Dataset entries
definition restrict_subsets :: "'a set \<Rightarrow> ('a set \<Rightarrow> 'b::zero) \<Rightarrow> 'a set \<Rightarrow> 'b" where
  "restrict_subsets U g X = (if X \<subseteq> U then g X else 0)"

lemma upsum_restrict_subsets [simp]: "upsum U j (restrict_subsets U g) = upsum U j g"
  by (rule upsum_cong) (simp add: restrict_subsets_def)

lemma upsum_chain_nonzeroD: "f \<in> chains_on U k \<Longrightarrow> upsum V j f G \<noteq> 0 \<Longrightarrow> card G + j = k"
  using upsum_nonzeroD[of f k V j G] unfolding chains_on_def by blast

definition split_chain :: "'a set \<Rightarrow> 'a \<Rightarrow> 'a \<Rightarrow> ('a set \<Rightarrow> bit) \<Rightarrow>
    ('a set \<Rightarrow> bit) \<times> ('a set \<Rightarrow> bit) \<times> ('a set \<Rightarrow> bit)" where
  "split_chain U a b f =
    (restrict_subsets U f, restrict_subsets U (slice a f) + upsum U 1 f,
     restrict_subsets U (slice b f) + upsum U 1 f)"

text \<open>The inverse of split_chain on cycles; the last clause is the slice at {a, b}
  that the cycle condition forces.\<close>
definition glue :: "'a set \<Rightarrow> 'a \<Rightarrow> 'a \<Rightarrow> ('a set \<Rightarrow> bit) \<Rightarrow> ('a set \<Rightarrow> bit) \<Rightarrow>
    ('a set \<Rightarrow> bit) \<Rightarrow> 'a set \<Rightarrow> bit" where
  "glue U a b p q r X =
    (if X \<subseteq> U then p X
     else if a \<in> X \<and> b \<notin> X \<and> X - {a} \<subseteq> U then q (X - {a}) + upsum U 1 p (X - {a})
     else if b \<in> X \<and> a \<notin> X \<and> X - {b} \<subseteq> U then r (X - {b}) + upsum U 1 p (X - {b})
     else if a \<in> X \<and> b \<in> X \<and> X - {a, b} \<subseteq> U
       then upsum U 2 p (X - {a, b}) + upsum U 1 q (X - {a, b}) + upsum U 1 r (X - {a, b})
     else 0)"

Task instructions. Nothing but the lines from the line that contains "text \<open>The inverse" to the last line of the records above should appear in the answer; please copy them exactly.

Answer to this task.
text \<open>The inverse of split_chain on cycles; the last clause is the slice at {a, b}
  that the cycle condition forces.\<close>
definition glue :: "'a set \<Rightarrow> 'a \<Rightarrow> 'a \<Rightarrow> ('a set \<Rightarrow> bit) \<Rightarrow> ('a set \<Rightarrow> bit) \<Rightarrow>
    ('a set \<Rightarrow> bit) \<Rightarrow> 'a set \<Rightarrow> bit" where
  "glue U a b p q r X =
    (if X \<subseteq> U then p X
     else if a \<in> X \<and> b \<notin> X \<and> X - {a} \<subseteq> U then q (X - {a}) + upsum U 1 p (X - {a})
     else if b \<in> X \<and> a \<notin> X \<and> X - {b} \<subseteq> U then r (X - {b}) + upsum U 1 p (X - {b})
     else if a \<in> X \<and> b \<in> X \<and> X - {a, b} \<subseteq> U
       then upsum U 2 p (X - {a, b}) + upsum U 1 q (X - {a, b}) + upsum U 1 r (X - {a, b})
     else 0)"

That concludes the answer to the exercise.